NuttyTart

Mageirocophilia

Chocolate Dipped Rose Fudge

A new year, a new ingredient! It’s all about uncharted territory in this month’s We Should Cocoa, hosted by Linzi at Lancashire Food. The challenge is to use any new ingredient one hasn’t tried with chocolate yet.

 

… or in my case, in anything! I have never, ever owned a bottle of rosewater until last week. One of my favourite quick cake recipes calls for it (I’ve just omitted it –still a great cake!), plenty of oriental recipes call for it (again, I’ve just omitted it), I have to skip a lot of confectionary recipes because I don’t have it (I do realise it wouldn’t make sense to omit the only flavouring agent!). What? Why?

 

But no more! I am now the proud owner of rosewater, and foresee a future where I’ll be making all those fragrant recipes I’ve skipped. First up, chocolate-covered rosewater fudge! Incidentally, this recipe is a whole host of firsts for me: the first time using rosewater, the first time making fudge with sour cream, and the first time using my new candy thermometer (the old, digital one kicked the bucket). It was all good.

 

The fudge is really, really good, and I maintain the chocolate covering is a must, not an extra, for the perfect combination of flavours. I wish I’d had red food colouring though – wouldn’t it be gorgeous if the fudge was a rosy pink?

 

Chocolate Dipped Rose Fudge

 

2 cups white sugar

1/2 teaspoon salt

1 cup sour cream

30 g butter

1 tablespoon rosewater

(red food colouring)

 

300 g bittersweet chocolate (there will likely be some left over, but it’s easier to dip in a generous amount!)

 

Line a 8” x 8” pan with foil; butter the foil.

In a saucepan, combine sugar, salt and sour cream. Attach clip-on candy thermometer to the side of the pan.

Cook the mixture over low medium heat stirring constantly, until the temperature reaches softball stage, 112 C/235 F.

Remove from heat and add butter.
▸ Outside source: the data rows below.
(* Let $k\ge 2$, $G=\Theta(2,2,2k)$, $m\ge 4$, and let $L$ be an $m$-assignment for $G$. If $wz\in E(G)$ is an edge for which there exist $x\in L(w)-L(z)$ and $y\in L(z)-L(w)$, then there are at least $(m-1)^{2k-1}(m-2)^2$ proper $L$-colorings of $G$ that color $w$ with $x$ and $z$ with $y$.
   Context: $\Theta(l_1,l_2,l_3)$ denotes two end vertices joined by three internally disjoint paths of lengths $l_1,l_2,l_3$. An $m$-assignment $L$ assigns to each vertex a set of $m$ colors; a proper $L$-coloring is a proper coloring $f$ with $f(v)\in L(v)$ for each vertex $v$. *)

theory Defs
  imports "HOL-Library.FuncSet"
begin

text \<open>Concrete labelling of Theta(2,2,2k): end vertices 0 and 1; the two paths of
length 2 are 0-2-1 and 0-3-1; the path of length 2k is
0 - 4 - 5 - ... - (2k+2) - 1 (internal vertices 4..2k+2, i.e. 2k-1 of them).\<close>

definition theta_verts :: "nat \<Rightarrow> nat set" where
  "theta_verts k = {0..<2*k+3}"

definition theta_long_path :: "nat \<Rightarrow> nat \<Rightarrow> nat" where
  "theta_long_path k i = (if i = 0 then 0 else if i = 2*k then 1 else i + 3)"

definition theta_edges :: "nat \<Rightarrow> nat set set" where
  "theta_edges k = {{0,2},{2,1},{0,3},{3,1}}
     \<union> {{theta_long_path k i, theta_long_path k (Suc i)} | i. i < 2*k}"

definition is_m_assignment :: "nat set \<Rightarrow> nat \<Rightarrow> (nat \<Rightarrow> 'c set) \<Rightarrow> bool" where
  "is_m_assignment V m L \<longleftrightarrow> (\<forall>v\<in>V. finite (L v) \<and> card (L v) = m)"

definition proper_L_colorings ::
    "nat set \<Rightarrow> nat set set \<Rightarrow> (nat \<Rightarrow> 'c set) \<Rightarrow> (nat \<Rightarrow> 'c) set" where
  "proper_L_colorings V E L =
     {f \<in> V \<rightarrow>\<^sub>E UNIV. (\<forall>v\<in>V. f v \<in> L v) \<and> (\<forall>a b. {a,b} \<in> E \<longrightarrow> f a \<noteq> f b)}"

end

(* Colour greedily outwards from the precoloured edge wz.  If a vertex is added while at
   most d of its neighbours are already coloured, every colouring of the coloured part extends
   in at least m - d ways.  The remaining 2k + 1 vertices of Theta(2,2,2k) can be ordered so
   that all but two of them see one coloured neighbour and the last two see two:
   for an edge of the long path, colour the long path outwards from the edge in both directions
   and then the two middle vertices 2 and 3; for an edge joining an end a to a middle vertex c,
   colour the interior of the long path starting next to a, then its other end (adjacent to
   the path and to c), and finally the other middle vertex. *)

theory Submission imports Defs begin

section \<open>Extending precoloured colourings one vertex at a time\<close>

definition pinned_colorings ::
    "nat set \<Rightarrow> nat set set \<Rightarrow> (nat \<Rightarrow> 'c set) \<Rightarrow> nat \<Rightarrow> nat \<Rightarrow> 'c \<Rightarrow> 'c \<Rightarrow> (nat \<Rightarrow> 'c) set" where
  "pinned_colorings U E L w z x y =
     {f \<in> proper_L_colorings U {e \<in> E. e \<subseteq> U} L. f w = x \<and> f z = y}"

lemma finite_pinned_colorings:
  assumes "finite U" and "\<forall>u\<in>U. finite (L u)"
  shows "finite (pinned_colorings U E L w z x y)"
proof (rule finite_subset)
  show "pinned_colorings U E L w z x y \<subseteq> PiE U L"
    by (auto simp: pinned_colorings_def proper_L_colorings_def PiE_def Pi_def)
  show "finite (PiE U L)" using assms by (intro finite_PiE) auto
qed

lemma card_pinned_colorings_insert:
  assumes "finite V" and L: "is_m_assignment V m L" and "insert v U \<subseteq> V" and "v \<notin> U"
    and "w \<in> U" and "z \<in> U" and "{v, v} \<notin> E"
    and "card {u \<in> U. {v, u} \<in> E} \<le> d"
  shows "card (pinned_colorings U E L w z x y) * (m - d)
           \<le> card (pinned_colorings (insert v U) E L w z x y)"
proof -
  define N where "N = {u \<in> U. {v, u} \<in> E}"
  define free where "free g = L v - g ` N" for g :: "nat \<Rightarrow> 'a"
  let ?C = "pinned_colorings U E L w z x y"
  let ?C' = "pinned_colorings (insert v U) E L w z x y"
  have fin_L: "\<forall>u\<in>insert v U. finite (L u)" and card_Lv: "card (L v) = m"
    using L assms(3) by (auto simp: is_m_assignment_def)
  have fin_U: "finite U"
    using assms(1,3) by (metis finite_insert finite_subset)
  then have fin_N: "finite N"
    by (simp add: N_def)
  have "m - d \<le> card (free g)" for g
  proof -
    have "m - d \<le> card (L v) - card (g ` N)"
      using card_Lv card_image_le[OF fin_N, of g] assms(8) by (simp add: N_def)
    also have "\<dots> \<le> card (free g)"
      unfolding free_def by (rule diff_card_le_card_Diff) (use fin_N in auto)
    finally show ?thesis .
  qed
  then have "card ?C * (m - d) \<le> (\<Sum>g\<in>?C. card (free g))"
    using sum_bounded_below[of ?C "m - d" "\<lambda>g. card (free g)"] by simp
  also have "\<dots> = card (SIGMA g:?C. free g)"
    using finite_pinned_colorings[OF fin_U] fin_L by (intro card_SigmaI[symmetric]) (auto simp: free_def)
  also have "\<dots> \<le> card ?C'"
  proof (rule card_inj_on_le)
    show "inj_on (\<lambda>(g, c). g(v := c)) (SIGMA g:?C. free g)"
    proof (rule inj_onI, clarsimp)
      fix g g' c c'
      assume "g \<in> ?C" "g' \<in> ?C" and eq: "g(v := c) = g'(v := c')"
      then have "g v = g' v"
        using \<open>v \<notin> U\<close>
        by (simp add: pinned_colorings_def proper_L_colorings_def PiE_def extensional_def)
      then have "g = g'"
        using fun_cong[OF eq] by (intro ext) (metis fun_upd_other)
      then show "g = g' \<and> c = c'"
        using fun_cong[OF eq, of v] by simp
    qed
    show "(\<lambda>(g, c). g(v := c)) ` (SIGMA g:?C. free g) \<subseteq> ?C'"
    proof clarsimp
      fix g c assume g: "g \<in> ?C" and c: "c \<in> free g"
      have proper: "\<forall>a\<in>U. \<forall>b\<in>U. {a, b} \<in> E \<longrightarrow> g a \<noteq> g b"
        using g by (simp add: pinned_colorings_def proper_L_colorings_def)
      have "c \<noteq> g u" if "u \<in> U" "{v, u} \<in> E" for u
        using that c by (auto simp: free_def N_def)
      then have "(g(v := c)) a \<noteq> (g(v := c)) b"
        if "a \<in> insert v U" "b \<in> insert v U" "{a, b} \<in> E" for a b
        using that proper \<open>{v, v} \<notin> E\<close> \<open>v \<notin> U\<close>
        by (cases "a = v"; cases "b = v") (auto simp: insert_commute)
      then show "g(v := c) \<in> ?C'"
        using g c \<open>v \<notin> U\<close> \<open>w \<in> U\<close> \<open>z \<in> U\<close>
        by (auto simp: pinned_colorings_def proper_L_colorings_def free_def PiE_def extensional_def)
    qed
    show "finite ?C'"
      using finite_pinned_colorings fin_U fin_L by (metis finite_insert)
  qed
  finally show ?thesis .
qed

lemma one_le_card_pinned_colorings_edge:
  assumes "w \<noteq> z" and "x \<noteq> y" and "x \<in> L w" and "y \<in> L z"
    and "finite (L w)" and "finite (L z)" and "{w, w} \<notin> E" and "{z, z} \<notin> E"
  shows "1 \<le> card (pinned_colorings {w, z} E L w z x y)"
proof -
  let ?g = "(\<lambda>v. undefined)(w := x, z := y)"
  have "?g a \<noteq> ?g b" if "{a, b} \<in> {e \<in> E. e \<subseteq> {w, z}}" for a b
  proof -
    have "a \<in> {w, z}" "b \<in> {w, z}" "{a, b} \<in> E"
      using that by auto
    then show ?thesis
      using assms by (cases "a = b") auto
  qed
  moreover have "?g \<in> {w, z} \<rightarrow>\<^sub>E UNIV"
    by (simp add: PiE_def extensional_def)
  ultimately have "?g \<in> pinned_colorings {w, z} E L w z x y"
    using assms unfolding pinned_colorings_def proper_L_colorings_def by auto
  moreover have "finite (pinned_colorings {w, z} E L w z x y)"
    using assms by (intro finite_pinned_colorings) auto
  ultimately show ?thesis
    by (metis One_nat_def Suc_leI card_gt_0_iff empty_iff)
qed

text \<open>Only an upper bound on neighbourhoods is recorded.\<close>

definition suspended_path :: "nat set set \<Rightarrow> nat set \<Rightarrow> nat \<Rightarrow> (nat \<Rightarrow> nat) \<Rightarrow> bool" where
  "suspended_path E X n p \<longleftrightarrow> inj_on p {..n} \<and> X \<inter> p ` {..n} = {} \<and>
     (\<forall>j\<le>n. \<forall>u. {p j, u} \<in> E \<longrightarrow>
        (0 < j \<and> u = p (j - 1)) \<or> (j < n \<and> u = p (Suc j)) \<or> ((j = 0 \<or> j = n) \<and> u \<in> X))"

lemma suspended_path_neighbourD:
  assumes "suspended_path E X n p" and "j \<le> n" and "{p j, u} \<in> E"
  shows "(0 < j \<and> u = p (j - 1)) \<or> (j < n \<and> u = p (Suc j)) \<or> ((j = 0 \<or> j = n) \<and> u \<in> X)"
  using assms unfolding suspended_path_def by blast

lemma suspended_path_eq_iff:
  assumes "suspended_path E X n p" and "i \<le> n" and "j \<le> n"
  shows "p i = p j \<longleftrightarrow> i = j"
  using assms unfolding suspended_path_def by (auto dest: inj_onD)

lemma suspended_path_notin:
  assumes "suspended_path E X n p" and "j \<le> n"
  shows "p j \<notin> X"
  using assms unfolding suspended_path_def by auto

lemma suspended_path_no_loop:
  assumes path: "suspended_path E X n p" and "j \<le> n"
  shows "{p j, p j} \<notin> E"
proof
  assume "{p j, p j} \<in> E"
  then have "(0 < j \<and> p j = p (j - 1)) \<or> (j < n \<and> p j = p (Suc j)) \<or> p j \<in> X"
    using suspended_path_neighbourD[OF assms] by blast
  then show False
    using \<open>j \<le> n\<close> suspended_path_eq_iff[OF path] suspended_path_notin[OF path] by force
qed

lemma suspended_path_end_neighbours:
  assumes "suspended_path E X n p" and "0 < n"
  shows "{u. {p n, u} \<in> E} \<subseteq> insert (p (n - 1)) X"
  using suspended_path_neighbourD[OF assms(1) order_refl] assms(2) by auto

lemma reverse_image_final_segment:
  assumes "i \<le> Suc n"
  shows "(\<lambda>j. f (n - j)) ` {Suc n - i..<Suc n} = f ` {..<i}"
proof -
  have "(\<lambda>j. n - j) ` {Suc n - i..<Suc n} = {..<i}"
  proof
    show "{..<i} \<subseteq> (\<lambda>j. n - j) ` {Suc n - i..<Suc n}"
    proof
      fix j assume "j \<in> {..<i}"
      then show "j \<in> (\<lambda>j. n - j) ` {Suc n - i..<Suc n}"
        using assms by (intro image_eqI[of _ _ "n - j"]) auto
    qed
  qed (use assms in auto)
  then show ?thesis
    by (metis image_image)
qed

lemma reverse_image_atMost: "(\<lambda>j. f (n - j)) ` {..n} = f ` {..n :: nat}"
  using reverse_image_final_segment[of "Suc n" n f] by (simp add: atLeast0LessThan lessThan_Suc_atMost)

lemma suspended_path_reverse:
  assumes path: "suspended_path E X n p"
  shows "suspended_path E X n (\<lambda>j. p (n - j))"
proof -
  have "inj_on (\<lambda>j. p (n - j)) {..n}"
    using suspended_path_eq_iff[OF path] by (intro inj_onI) fastforce
  moreover have "X \<inter> (\<lambda>j. p (n - j)) ` {..n} = {}"
    using path reverse_image_atMost[of p n] unfolding suspended_path_def by simp
  moreover have "(0 < j \<and> u = p (n - (j - 1))) \<or> (j < n \<and> u = p (n - Suc j)) \<or> ((j = 0 \<or> j = n) \<and> u \<in> X)"
    if "j \<le> n" "{p (n - j), u} \<in> E" for j u
    using suspended_path_neighbourD[OF path, of "n - j" u] that by (auto simp: Suc_diff_le)
  ultimately show ?thesis
    by (simp add: suspended_path_def)
qed

lemma card_pinned_colorings_insert_path_vertex:
  assumes "finite V" and L: "is_m_assignment V m L" and path: "suspended_path E X n p"
    and "w \<in> W" and "z \<in> W" and "insert (p j) W \<subseteq> V" and j: "j \<le> n" and "p j \<notin> W"
    and "j < n \<longrightarrow> p (Suc j) \<notin> W" and "j = 0 \<or> j = n \<longrightarrow> X \<inter> W = {}"
  shows "card (pinned_colorings W E L w z x y) * (m - 1)
           \<le> card (pinned_colorings (insert (p j) W) E L w z x y)"
proof (rule card_pinned_colorings_insert[OF \<open>finite V\<close> L])
  have "{u \<in> W. {p j, u} \<in> E} \<subseteq> {p (j - 1)}"
    using assms(9,10) suspended_path_neighbourD[OF path j] by auto
  then show "card {u \<in> W. {p j, u} \<in> E} \<le> 1"
    using card_mono[of "{p (j - 1)}"] by fastforce
  show "{p j, p j} \<notin> E"
    by (rule suspended_path_no_loop[OF path j])
qed (use assms in auto)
Beat until fudge starts to thicken and lose its gloss. Quickly stir in rosewater (and red food colouring, if using). Pour in the prepared pan.

Allow to cool completely. Cut into pieces.

On top of a double boiler, melt chocolate. Dip fudge squares into the melted chocolate. Set the chocolate-covered fudge pieces down on a foiled baking sheet.

Refrigerate the fudge to set the chocolate, about 20 minutes.

Enjoy at room temperature – I find the rosewater flavour is weaker if the fudge is cold.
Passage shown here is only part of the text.